Les pauses silencieuses d’hésitation, quant à elles, tendent à être distribuées à
l'intérieur de syntagmes ou associées à des hésitations sonores. Ces pauses sont
étroitement liées à l'encodage et ont un rôle important dans les activités de
planification de la parole (Goldman-Eisler, 1968). Elles dépendent du degré de
spontanéité du message (Goldman-Eisler, 1968; Grosjean et Deschamps, 1973;
Kowal, O'Connell et Sabin, 1975, et O'Connell et Kowal, 1972). de la rareté du
mot et du niveau d'abstraction du mot (Beattie et Butterworth, 1979). Elles
apportent des informations précieuses sur l'acquisition des structures temporelles
de la langue maternelle (O' Connell et Kowal, 1972 ; Kowal, O'Connell et Sabin,
1975) ou étrangère (Duez et Le Douaron, 1991).
Les pauses ont aussi pour fonction de structurer l’énoncé. Elles font partie du
contour intonatif au même titre que la fréquence fondamentale, l'intensité et la
durée syllabique et vocalique (Dell, 1984; Karcevski, 1931; Rossi, 1981). Leur
durée et leur fréquence sont étroitement liées à l'organisation syntaxique de
l'énoncé (Cooper et Paccia-Cooper, 1980; Duez, 1982; Grosjean, Grosjean et
Lane, 1979; Gee et Grosjean, 1983; Goldman-Eisler, 1968). A la hiérarchie des
constituants correspond la hiérarchie des durées des pauses et des syllabes
finales (Cooper et Paccia-Cooper, 1980; Selkirk, 1984).

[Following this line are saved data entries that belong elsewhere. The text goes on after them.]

(* For integers $n\ge k\ge1$ define integers $A_h^{k,n}$ ($h\in\mathbb{Z}$) by $A_h^{k,n}=0$ if $h>k$ or $h\le0$, $A_k^{k,n}=1$, and for $1\le h\le k-1$ recursively (downwards in $h$) \[A_h^{k,n}=-\sum_{j=h+1}^{k}(-1)^{\lfloor\frac{j-h+1}{2}\rfloor}\binom{n-j+\lfloor\frac{j-h}{2}\rfloor}{\lfloor\frac{j-h}{2}\rfloor}A_j^{k,n},\] and set $A_h^{k,n}=0$ for all $h$ when $k\le 0$. Then for $k\ge2$ and $1\le h\le k-1$: (1) $A_{h+1}^{k,n}=A_h^{k-1,n-1}$; (2) $A_h^{k,k}=A_h^{k-1,k-1}+A_h^{k-2,k-1}$; (3) if $k<n$, $A_h^{k,n}=A_h^{k,n-1}+A_h^{k-2,n-1}$.
   Context: $\binom{a}{b}$ denotes the ordinary binomial coefficient and $\lfloor x\rfloor$ the integer part. *)

theory Defs
  imports Main
begin

text \<open>The binomial top n-j+floor((j-h)/2) is nonnegative
  whenever n \<ge> k (the paper's range); nat is only a coercion there.\<close>

function Acoef :: "int \<Rightarrow> int \<Rightarrow> int \<Rightarrow> int" where
  "Acoef k n h =
     (if k \<le> 0 \<or> h > k \<or> h \<le> 0 then 0
      else if h = k then 1
      else - (\<Sum>j\<in>{h+1..k}. (-1) ^ nat ((j - h + 1) div 2)
                 * int (nat (n - j + (j - h) div 2) choose nat ((j - h) div 2))
                 * Acoef k n j))"
  by auto
termination
  by (relation "measure (\<lambda>(k, n, h). nat (k - h))") auto

end

theory Submission
  imports Defs Complex_Main
begin

text \<open>The coefficients have the closed form \<open>A_h^{k,n} = binom(n - h, \<lfloor>(k - h)/2\<rfloor>)\<close>
  for \<open>0 < h \<le> k \<le> n\<close>, after which the three relations are instances of Pascal's rule.
  The closed form satisfies the defining recursion because, after splitting the recursion sum by
  the parity of \<open>j - h\<close>, each half reduces to \<open>\<Sum>s\<le>r. (-1)^s binom(N-s, s) binom(N-2s, r-s) = 1\<close>;
  by \<open>choose_mult\<close> this is the \<open>r\<close>-th finite difference of the degree-\<open>r\<close> polynomial
  \<open>binom(x, r)\<close>, which is \<open>1\<close>.\<close>

declare Acoef.simps [simp del]

lemma gbinomial_alternating_difference:
  fixes x :: "'a :: field_char_0"
  shows "(\<Sum>s\<le>r. (-1)^s * of_nat (r choose s) * ((x - of_nat s) gchoose r)) = 1"
proof (induction r arbitrary: x)
  case 0
  then show ?case by simp
next
  case (Suc r)
  define g where "g y = y gchoose Suc r" for y :: 'a
  have pascal: "g y - g (y - 1) = (y - 1) gchoose r" for y
    unfolding g_def using gbinomial_Suc_Suc[of "y - 1" r] by simp
  have "(\<Sum>s\<le>Suc r. (-1)^s * of_nat (Suc r choose s) * g (x - of_nat s))
      = (\<Sum>s\<le>Suc r. (-1)^s * of_nat (r choose s) * g (x - of_nat s))
        - (\<Sum>s\<le>r. (-1)^s * of_nat (r choose s) * g (x - 1 - of_nat s))"
    by (subst (1 2) sum.atMost_Suc_shift)
       (simp add: sum_subtractf[symmetric] sum.distrib[symmetric] algebra_simps)
  also have "\<dots> = (\<Sum>s\<le>r. (-1)^s * of_nat (r choose s) * (g (x - of_nat s) - g (x - 1 - of_nat s)))"
    by (simp add: algebra_simps sum_subtractf)
  also have "\<dots> = (\<Sum>s\<le>r. (-1)^s * of_nat (r choose s) * ((x - 1 - of_nat s) gchoose r))"
    using pascal[of "x - of_nat _"] by (simp add: diff_diff_eq add.commute)
  also have "\<dots> = 1"
    by (rule Suc.IH)
  finally show ?case
    unfolding g_def .
qed

lemma choose_alternating_difference:
  assumes "r \<le> N"
  shows "(\<Sum>s\<le>r. (-1)^s * int (r choose s) * int (N - s choose r)) = 1"
proof -
  have "(of_int (\<Sum>s\<le>r. (-1)^s * int (r choose s) * int (N - s choose r)) :: real)
      = (\<Sum>s\<le>r. (-1)^s * of_nat (r choose s) * ((of_nat N - of_nat s) gchoose r))"
    unfolding of_int_sum
  proof (intro sum.cong refl)
    fix s assume "s \<in> {..r}"
    then have "s \<le> N" using assms by simp
    then show "of_int ((-1)^s * int (r choose s) * int (N - s choose r))
        = (-1)^s * of_nat (r choose s) * ((of_nat N - of_nat s :: real) gchoose r)"
      by (simp add: binomial_gbinomial)
  qed
  also have "\<dots> = 1"
    by (rule gbinomial_alternating_difference)
  finally show ?thesis
    by linarith
qed

lemma alternating_choose_product_sum:
  assumes "2 * r \<le> N"
  shows "(\<Sum>s\<le>r. (-1)^s * int (N - s choose s) * int (N - 2*s choose (r - s))) = 1"
proof -
  have "(N - s choose s) * (N - 2*s choose (r - s)) = (r choose s) * (N - s choose r)"
    if "s \<le> r" for s
  proof -
    have "(N - s choose r) * (r choose s) = (N - s choose s) * (N - 2*s choose (r - s))"
      using choose_mult[of s r "N - s"] that assms by (simp add: mult_2)
    then show ?thesis
      by (simp add: mult.commute)
  qed
  then have "(\<Sum>s\<le>r. (-1)^s * int (N - s choose s) * int (N - 2*s choose (r - s)))
      = (\<Sum>s\<le>r. (-1)^s * int (r choose s) * int (N - s choose r))"
    by (intro sum.cong refl) (simp flip: of_nat_mult add: mult.assoc)
  also have "\<dots> = 1"
    using assms by (intro choose_alternating_difference) simp
  finally show ?thesis .
qed

lemma sum_atMost_split_parity:
  "(\<Sum>e\<le>d. f e) = (\<Sum>s\<le>d div 2. f (2*s)) + (\<Sum>s<(d+1) div 2. f (2*s+1))"
  for f :: "nat \<Rightarrow> 'a :: comm_monoid_add"
proof (induction d)
  case 0
  then show ?case by simp
next
  case (Suc d)
  show ?case
  proof (cases "even d")
    case True
    then have "Suc d div 2 = d div 2" "(Suc d + 1) div 2 = Suc ((d + 1) div 2)" "2 * ((d + 1) div 2) + 1 = Suc d"
      by presburger+
    then show ?thesis using Suc.IH by (simp add: ac_simps)
  next
    case False
    then have "Suc d div 2 = Suc (d div 2)" "(Suc d + 1) div 2 = (d + 1) div 2" "2 * Suc (d div 2) = Suc d"
      by presburger+
    then show ?thesis using Suc.IH by (simp add: ac_simps)
  qed
qed

lemma closed_form_recursion_identity:
  assumes "1 \<le> d" and "d \<le> N"
  shows "(\<Sum>e\<le>d. (-1)^((e+1) div 2) * int (N - e + e div 2 choose (e div 2))
                    * int (N - e choose ((d - e) div 2))) = 0"
proof -
  define f where "f e = (-1)^((e+1) div 2) * int (N - e + e div 2 choose (e div 2))
                    * int (N - e choose ((d - e) div 2))" for e
  have even: "(\<Sum>s\<le>d div 2. f (2*s)) = 1"
  proof -
    have "f (2*s) = (-1)^s * int (N - s choose s) * int (N - 2*s choose (d div 2 - s))"
      if "s \<le> d div 2" for s
    proof -
      have "N - 2*s + s = N - s" "(d - 2*s) div 2 = d div 2 - s"
        using that assms by auto
      then show ?thesis
        unfolding f_def by simp
    qed
    then have "(\<Sum>s\<le>d div 2. f (2*s))
        = (\<Sum>s\<le>d div 2. (-1)^s * int (N - s choose s) * int (N - 2*s choose (d div 2 - s)))"
      by (intro sum.cong) simp_all
    also have "\<dots> = 1"
      using assms by (intro alternating_choose_product_sum) simp
    finally show ?thesis .
  qed
  have odd: "(\<Sum>s<(d+1) div 2. f (2*s+1)) = -1"
  proof -
    have "f (2*s+1) = - ((-1)^s * int (N - 1 - s choose s) * int (N - 1 - 2*s choose ((d - 1) div 2 - s)))"
      if "s \<le> (d - 1) div 2" for s
    proof -
      have "N - (2*s+1) + s = N - 1 - s" "(2*s+1+1) div 2 = Suc s" "(d - (2*s+1)) div 2 = (d - 1) div 2 - s"
        using that assms by auto
      then show ?thesis
        unfolding f_def by simp
    qed
    moreover have "(d + 1) div 2 = Suc ((d - 1) div 2)"
      using assms by simp
    ultimately have "(\<Sum>s<(d+1) div 2. f (2*s+1))
        = - (\<Sum>s\<le>(d - 1) div 2. (-1)^s * int (N - 1 - s choose s) * int (N - 1 - 2*s choose ((d - 1) div 2 - s)))"
      by (simp add: lessThan_Suc_atMost sum_negf[symmetric])
    also have "\<dots> = -1"
      using assms by (subst alternating_choose_product_sum) simp_all
    finally show ?thesis .
  qed
  show ?thesis
    using sum_atMost_split_parity[of f d] even odd unfolding f_def by simp
qed

lemma sum_int_atLeastAtMost_as_nat:
  fixes h k :: int
  assumes "h \<le> k"
  shows "(\<Sum>j\<in>{h..k}. f j) = (\<Sum>e\<le>nat (k - h). f (h + int e))"
  by (rule sum.reindex_bij_witness[of _ "\<lambda>e. h + int e" "\<lambda>j. nat (j - h)"]) (use assms in auto)

lemma Acoef_closed_form:
  assumes "0 < h" and "h \<le> k" and "k \<le> n"
  shows "Acoef k n h = int (nat (n - h) choose nat ((k - h) div 2))"
  using assms
proof (induction "nat (k - h)" arbitrary: h rule: less_induct)
  case less
  define c where "c j = (-1) ^ nat ((j - h + 1) div 2) * int (nat (n - j + (j - h) div 2) choose nat ((j - h) div 2))" for j
  define closed where "closed j = int (nat (n - j) choose nat ((k - j) div 2))" for j
  show ?case
  proof (cases "h = k")
    case True
    then show ?thesis using less.prems by (subst Acoef.simps) simp
  next
    case False
    then have "h < k" using less.prems by simp
    \<comment> \<open>the \<open>j = h\<close> term of this sum is \<open>closed h\<close> itself, as \<open>c h = 1\<close>\<close>
    have "(\<Sum>j\<in>{h..k}. c j * closed j) = 0"
    proof -
      define d N where "d = nat (k - h)" and "N = nat (n - h)"
      have "c (h + int e) * closed (h + int e)
          = (-1)^((e+1) div 2) * int (N - e + e div 2 choose (e div 2)) * int (N - e choose ((d - e) div 2))"
        if "e \<le> d" for e
        using that less.prems unfolding c_def closed_def d_def N_def
        by (simp add: nat_div_distrib nat_add_distrib nat_diff_distrib)
      then have "(\<Sum>j\<in>{h..k}. c j * closed j)
          = (\<Sum>e\<le>d. (-1)^((e+1) div 2) * int (N - e + e div 2 choose (e div 2)) * int (N - e choose ((d - e) div 2)))"
        using \<open>h < k\<close> by (simp add: sum_int_atLeastAtMost_as_nat d_def)
      also have "\<dots> = 0"
        using \<open>h < k\<close> less.prems unfolding d_def N_def by (intro closed_form_recursion_identity) auto
      finally show ?thesis .
    qed
    moreover have "Acoef k n h = - (\<Sum>j\<in>{h+1..k}. c j * closed j)"
    proof -
      have "Acoef k n j = closed j" if "j \<in> {h+1..k}" for j
        using that less unfolding closed_def by (intro less.hyps) auto
      then show ?thesis
        using \<open>h < k\<close> less.prems by (subst Acoef.simps) (simp add: c_def)
    qed
    moreover have "{h..k} = insert h {h+1..k}" and "c h = 1"
      using \<open>h < k\<close> less.prems by (auto simp: c_def)
    ultimately show ?thesis
      unfolding closed_def by simp
  qed
qed

lemma Acoef_eq_0_above: "k < h \<Longrightarrow> Acoef k n h = 0"
  by (subst Acoef.simps) simp

lemma choose_half_rec:
  assumes "2 \<le> D"
  shows "D choose (D div 2) = (D - 1 choose ((D - 1) div 2)) + (D - 1 choose ((D - 2) div 2))"
proof (cases "even D")
  case True
  then obtain q where q: "D = 2 * Suc q"
    using assms by (intro that[of "D div 2 - 1"]) auto
  have "Suc (2*q + 1) choose Suc q = (2*q + 1 choose q) + (2*q + 1 choose Suc q)"
    by simp
  moreover have "2*q + 1 choose Suc q = 2*q + 1 choose q"
    using binomial_symmetric[of q "2*q + 1"] by simp
  ultimately show ?thesis
    using q by simp
next
  case False
  then obtain q where q: "D = 2 * Suc q + 1"
    using assms by (intro that[of "D div 2 - 1"]) presburger
  have "Suc (2 * Suc q) choose Suc q = (2 * Suc q choose q) + (2 * Suc q choose Suc q)"
    by simp
  then show ?thesis
    using q by simp
qed

lemma Acoef_shift:
  assumes "1 \<le> h" and "h < k" and "k \<le> n"
  shows "Acoef k n (h + 1) = Acoef (k - 1) (n - 1) h"
  using assms by (simp add: Acoef_closed_form algebra_simps)

lemma Acoef_diagonal_rec:
  assumes "1 \<le> h" and "h < k"
  shows "Acoef k k h = Acoef (k - 1) (k - 1) h + Acoef (k - 2) (k - 1) h"
proof (cases "h = k - 1")
  case True
  then show ?thesis
    using assms by (simp add: Acoef_closed_form Acoef_eq_0_above)
next
  case False
  define D where "D = nat (k - h)"
  have "h \<le> k - 2" and "2 \<le> D"
    using assms False unfolding D_def by auto
  have nat_half: "nat (x div 2) = nat x div 2" for x :: int
    by (cases "x \<ge> 0") (auto simp: nat_div_distrib)
  have "Acoef k k h = int (D choose (D div 2))"
    using assms unfolding D_def by (simp add: Acoef_closed_form nat_half)
  moreover have "Acoef (k - 1) (k - 1) h = int (D - 1 choose ((D - 1) div 2))"
    using assms unfolding D_def by (simp add: Acoef_closed_form nat_half nat_diff_distrib)
  moreover have "Acoef (k - 2) (k - 1) h = int (D - 1 choose ((D - 2) div 2))"
    using assms \<open>h \<le> k - 2\<close> unfolding D_def by (simp add: Acoef_closed_form nat_half nat_diff_distrib)
  ultimately show ?thesis
    using choose_half_rec[OF \<open>2 \<le> D\<close>] by simp
qed

lemma Acoef_pascal_rec:
  assumes "1 \<le> h" and "h < k" and "k < n"
  shows "Acoef k n h = Acoef k (n - 1) h + Acoef (k - 2) (n - 1) h"
proof (cases "h = k - 1")
  case True
  then show ?thesis
    using assms by (simp add: Acoef_closed_form Acoef_eq_0_above)
next
  case False
  define M q where "M = nat (n - 1 - h)" and "q = nat ((k - 2 - h) div 2)"
  have "nat (n - h) = Suc M" "nat ((k - h) div 2) = Suc q"
    using assms False unfolding M_def q_def by auto
  then show ?thesis
    using assms False unfolding M_def q_def by (simp add: Acoef_closed_form)
qed

theorem lemma5p7:
  fixes k n h :: int
  assumes "k \<le> n" and "2 \<le> k" and "1 \<le> h" and "h \<le> k - 1"
  shows "Acoef k n (h + 1) = Acoef (k - 1) (n - 1) h
       \<and> Acoef k k h = Acoef (k - 1) (k - 1) h + Acoef (k - 2) (k - 1) h
       \<and> (k < n \<longrightarrow> Acoef k n h = Acoef k (n - 1) h + Acoef (k - 2) (n - 1) h)"
  using assms Acoef_shift[of h k n] Acoef_diagonal_rec[of h k] Acoef_pascal_rec[of h k n]
  by auto

end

La durée, la fréquence et la distribution et la fonction des pauses dépendent
aussi du style du message. Les pauses d’hésitation sont fréquentes dans les
messages spontanés. Dans les messages dits en public, pas ou peu d’hésitation,
mais des pauses grammaticales ou stylistiques fréquentes et longues (Voir pour
le français les travaux de Duez, 1982, 1991; Grosjean et Deschamps; Lucci,
1983). Distribuées aux frontières syntaxiques, ces pauses permettent d'atteindre à
une communication idéale (Goldman-Eisler (1968). Localisées à l'intérieur d'un
syntagme, elles sont inattendues et donnent au mot qu'elles précèdent son poids
sémantique maximum. Ces pauses sont aussi appelées pauses ‘rhétoriques’.
Au sein d’un même style de parole, on peut observer des différences dans la
durée et la fréquence des pauses. Ces différences peuvent être liées à la
personnalité du locuteur (Scherer, 1979a), et à son état psychologique (1979b).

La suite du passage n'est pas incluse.